In Cold Blood, the result of six years of research and interviews by Capote, details the gruesome multiple murder of the wealthy and well-liked Clutter Family in Holcomb, Kansas, and the stories of the two murderers, Dick Hickock and Perry Smith, as they flee the crime and wander aimlessly only to be caught, tried, and finally hanged. From memory, Capote reconstructs the two criminals he interviewed extensively prior to their execution and gives the reader an interesting but chilling look at the mind of Perry Smith, a sensitive, artistic and imaginative young man who calmly murdered four complete strangers due to his own frustrations with life.

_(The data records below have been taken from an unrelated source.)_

lemma bij_betw_glue_subgroups:
  assumes i: "i \<in> I"
  shows "bij_betw (\<lambda>(K, W). glue i K W)
    {(K, W). subgroup K (Z2cube (I - {i})) \<and> (W = {} \<or> W \<in> rcosets\<^bsub>Z2cube (I - {i})\<^esub> K)}
    {H. subgroup H (Z2cube I)}"
proof -
  have "slice i 0 (glue i K W) = K" "slice i 1 (glue i K W) = W"
    if "subgroup K (Z2cube (I - {i}))" "W = {} \<or> W \<in> rcosets\<^bsub>Z2cube (I - {i})\<^esub> K" for K W
  proof -
    have "K \<subseteq> carrier (Z2cube (I - {i}))" "W \<subseteq> carrier (Z2cube (I - {i}))"
      using subgroup.subset[OF that(1)] rcoset_subset_carrier_Z2cube[OF that(1)] that(2) by auto
    then show "slice i 0 (glue i K W) = K" "slice i 1 (glue i K W) = W"
      by (simp_all add: slice_glue_zero slice_glue_one)
  qed
  moreover have "glue i (slice i 0 H) (slice i 1 H) = H"
    and "subgroup (slice i 0 H) (Z2cube (I - {i}))"
    and "slice i 1 H = {} \<or> slice i 1 H \<in> rcosets\<^bsub>Z2cube (I - {i})\<^esub> (slice i 0 H)"
    if "subgroup H (Z2cube I)" for H
    using glue_slices[OF subgroup.subset[OF that] i] subgroup_slice_zero[OF i that]
      slice_one_rcoset[OF i that] by blast+
  ultimately show ?thesis
    using subgroup_glue[OF i]
    by (intro bij_betw_byWitness[where f' = "\<lambda>H. (slice i 0 H, slice i 1 H)"]) fastforce+
qed

lemma finite_subgroups_Z2cube: "finite I \<Longrightarrow> finite {H. subgroup H (Z2cube I)}"
  by (rule finite_subset[of _ "Pow (carrier (Z2cube I))"])
    (auto simp: finite_carrier_Z2cube dest: subgroup.mem_carrier)

lemma card_Collect_bij_betw:
  assumes "bij_betw f A B"
  shows "card {b \<in> B. P b} = card {a \<in> A. P (f a)}"
proof -
  have "bij_betw f {a \<in> A. P (f a)} {b \<in> B. P b}"
    by (rule bij_betw_subset[OF assms]) (use assms in \<open>auto simp: bij_betw_def\<close>)
  then show ?thesis by (simp add: bij_betw_same_card)
qed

It is often said that real life does not play out the way stories do, but part of In Cold Blood’s artistic genius is that Capote was able to take real events and real people and structure them into a coherent narrative with a clear beginning, middle, and end. Capote even managed to make his work a piece of powerful literature as well as masterful reporting by making In Cold Blood inspire introspection in the reader once Perry and Dick are caught; despite how horrible their crime was, is the death penalty truly justified, or is it simply taking revenge and calling it justice? Capote remains objective on the subject matter, betraying no bias one way or the other, and ultimately the answer to the question must be reached on one’s own. This book made me seriously consider my position on capital punishment, but ultimately I reaffirmed my belief in its use, thanks to the rather worrying knowledge that Perry Smith was not a fictional character; people like him exist in real life. I personally feel Capote’s achievement in posing the question so effectively should be lauded as much as the reporting that went into making the book; as a writer, I know it’s easy with some planning to pose social questions to the reader metaphorically or literally through constructing certain characters and conversations to put forth the theme, but Capote invented nothing, making real conversations and people pose his question more effectively than many writers of fiction can manage.
Superbly detailed, fascinating, and at times too gruesome to look away, In Cold Blood kept me turning pages until the very end; I could not put this book down. If you have not read it, whether you’re interested in literature and journalism or not, I heartily recommend you go out and read it at least once to appreciate the masterpiece that pioneered a genre.